**GIVEN ENTRIES**
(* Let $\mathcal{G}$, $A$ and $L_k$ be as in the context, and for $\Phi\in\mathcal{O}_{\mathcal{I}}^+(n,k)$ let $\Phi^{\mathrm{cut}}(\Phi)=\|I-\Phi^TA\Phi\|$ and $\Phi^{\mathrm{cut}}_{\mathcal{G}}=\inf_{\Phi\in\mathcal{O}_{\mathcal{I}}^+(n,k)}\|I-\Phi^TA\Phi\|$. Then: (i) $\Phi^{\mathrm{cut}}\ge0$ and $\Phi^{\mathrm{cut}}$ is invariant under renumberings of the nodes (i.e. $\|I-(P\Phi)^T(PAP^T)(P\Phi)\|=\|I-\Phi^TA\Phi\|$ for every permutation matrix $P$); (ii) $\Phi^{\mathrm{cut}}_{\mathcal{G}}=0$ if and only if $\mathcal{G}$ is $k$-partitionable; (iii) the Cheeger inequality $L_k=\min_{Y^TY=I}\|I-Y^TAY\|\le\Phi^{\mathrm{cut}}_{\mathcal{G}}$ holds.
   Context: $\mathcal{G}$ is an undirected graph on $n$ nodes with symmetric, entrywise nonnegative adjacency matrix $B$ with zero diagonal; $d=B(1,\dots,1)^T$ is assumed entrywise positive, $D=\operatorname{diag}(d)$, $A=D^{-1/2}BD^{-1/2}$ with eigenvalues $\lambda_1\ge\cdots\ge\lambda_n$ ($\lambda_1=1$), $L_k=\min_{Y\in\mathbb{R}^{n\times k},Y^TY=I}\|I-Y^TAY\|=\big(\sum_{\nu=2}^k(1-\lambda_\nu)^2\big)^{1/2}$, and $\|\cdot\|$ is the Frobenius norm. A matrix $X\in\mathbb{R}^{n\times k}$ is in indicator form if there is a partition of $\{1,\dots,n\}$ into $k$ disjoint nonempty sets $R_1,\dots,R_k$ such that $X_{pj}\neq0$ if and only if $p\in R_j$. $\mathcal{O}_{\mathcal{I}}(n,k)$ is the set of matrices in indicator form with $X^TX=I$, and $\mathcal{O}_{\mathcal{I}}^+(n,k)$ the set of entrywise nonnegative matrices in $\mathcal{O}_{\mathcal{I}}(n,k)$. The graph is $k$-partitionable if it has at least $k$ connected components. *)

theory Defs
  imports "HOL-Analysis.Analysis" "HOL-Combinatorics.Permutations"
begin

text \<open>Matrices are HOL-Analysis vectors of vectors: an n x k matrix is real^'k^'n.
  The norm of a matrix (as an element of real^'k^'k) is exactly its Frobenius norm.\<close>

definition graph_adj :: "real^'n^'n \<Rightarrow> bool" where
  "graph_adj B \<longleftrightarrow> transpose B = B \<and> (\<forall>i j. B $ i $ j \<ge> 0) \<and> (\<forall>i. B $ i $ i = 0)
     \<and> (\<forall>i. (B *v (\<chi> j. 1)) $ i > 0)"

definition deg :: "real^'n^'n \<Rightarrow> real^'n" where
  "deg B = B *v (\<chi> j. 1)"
==
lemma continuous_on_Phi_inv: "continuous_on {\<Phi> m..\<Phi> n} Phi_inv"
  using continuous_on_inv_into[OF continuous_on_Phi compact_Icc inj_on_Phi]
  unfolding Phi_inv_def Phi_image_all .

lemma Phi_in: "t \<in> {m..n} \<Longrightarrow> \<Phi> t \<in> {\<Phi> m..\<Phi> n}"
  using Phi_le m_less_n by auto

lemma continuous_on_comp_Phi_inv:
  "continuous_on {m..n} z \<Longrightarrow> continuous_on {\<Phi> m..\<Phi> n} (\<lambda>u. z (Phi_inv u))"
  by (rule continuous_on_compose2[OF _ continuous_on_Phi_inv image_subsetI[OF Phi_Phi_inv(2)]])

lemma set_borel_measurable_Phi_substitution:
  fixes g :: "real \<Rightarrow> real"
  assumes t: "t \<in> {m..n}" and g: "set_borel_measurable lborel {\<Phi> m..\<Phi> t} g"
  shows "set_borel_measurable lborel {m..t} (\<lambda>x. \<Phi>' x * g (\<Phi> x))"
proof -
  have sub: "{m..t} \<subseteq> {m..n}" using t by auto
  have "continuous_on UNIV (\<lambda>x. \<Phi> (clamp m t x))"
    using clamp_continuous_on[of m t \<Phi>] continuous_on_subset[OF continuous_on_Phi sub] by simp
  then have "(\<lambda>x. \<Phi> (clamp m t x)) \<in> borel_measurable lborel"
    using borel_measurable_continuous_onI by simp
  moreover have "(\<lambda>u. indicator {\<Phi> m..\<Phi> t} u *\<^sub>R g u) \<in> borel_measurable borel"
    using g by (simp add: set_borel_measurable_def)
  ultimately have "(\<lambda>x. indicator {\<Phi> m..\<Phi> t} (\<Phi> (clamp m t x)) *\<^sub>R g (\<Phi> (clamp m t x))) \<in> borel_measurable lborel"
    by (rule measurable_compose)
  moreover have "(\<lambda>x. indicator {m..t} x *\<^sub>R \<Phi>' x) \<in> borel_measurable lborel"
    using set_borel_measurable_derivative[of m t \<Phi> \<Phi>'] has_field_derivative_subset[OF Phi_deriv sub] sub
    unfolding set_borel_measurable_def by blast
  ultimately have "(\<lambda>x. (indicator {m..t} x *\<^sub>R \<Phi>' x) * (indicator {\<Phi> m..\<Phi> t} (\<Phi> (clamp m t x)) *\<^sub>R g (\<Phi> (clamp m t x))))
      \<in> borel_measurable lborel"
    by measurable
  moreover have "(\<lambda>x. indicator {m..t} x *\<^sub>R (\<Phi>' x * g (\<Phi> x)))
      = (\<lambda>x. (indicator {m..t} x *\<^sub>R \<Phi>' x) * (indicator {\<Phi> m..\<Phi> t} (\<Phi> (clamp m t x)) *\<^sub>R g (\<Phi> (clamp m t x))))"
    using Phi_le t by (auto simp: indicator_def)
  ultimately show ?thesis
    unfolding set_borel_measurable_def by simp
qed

**GOAL OF THE EXERCISE**
Determine how many lines of the material hold "Analysis", and respond with that number only.

**FINISHED TASK**
2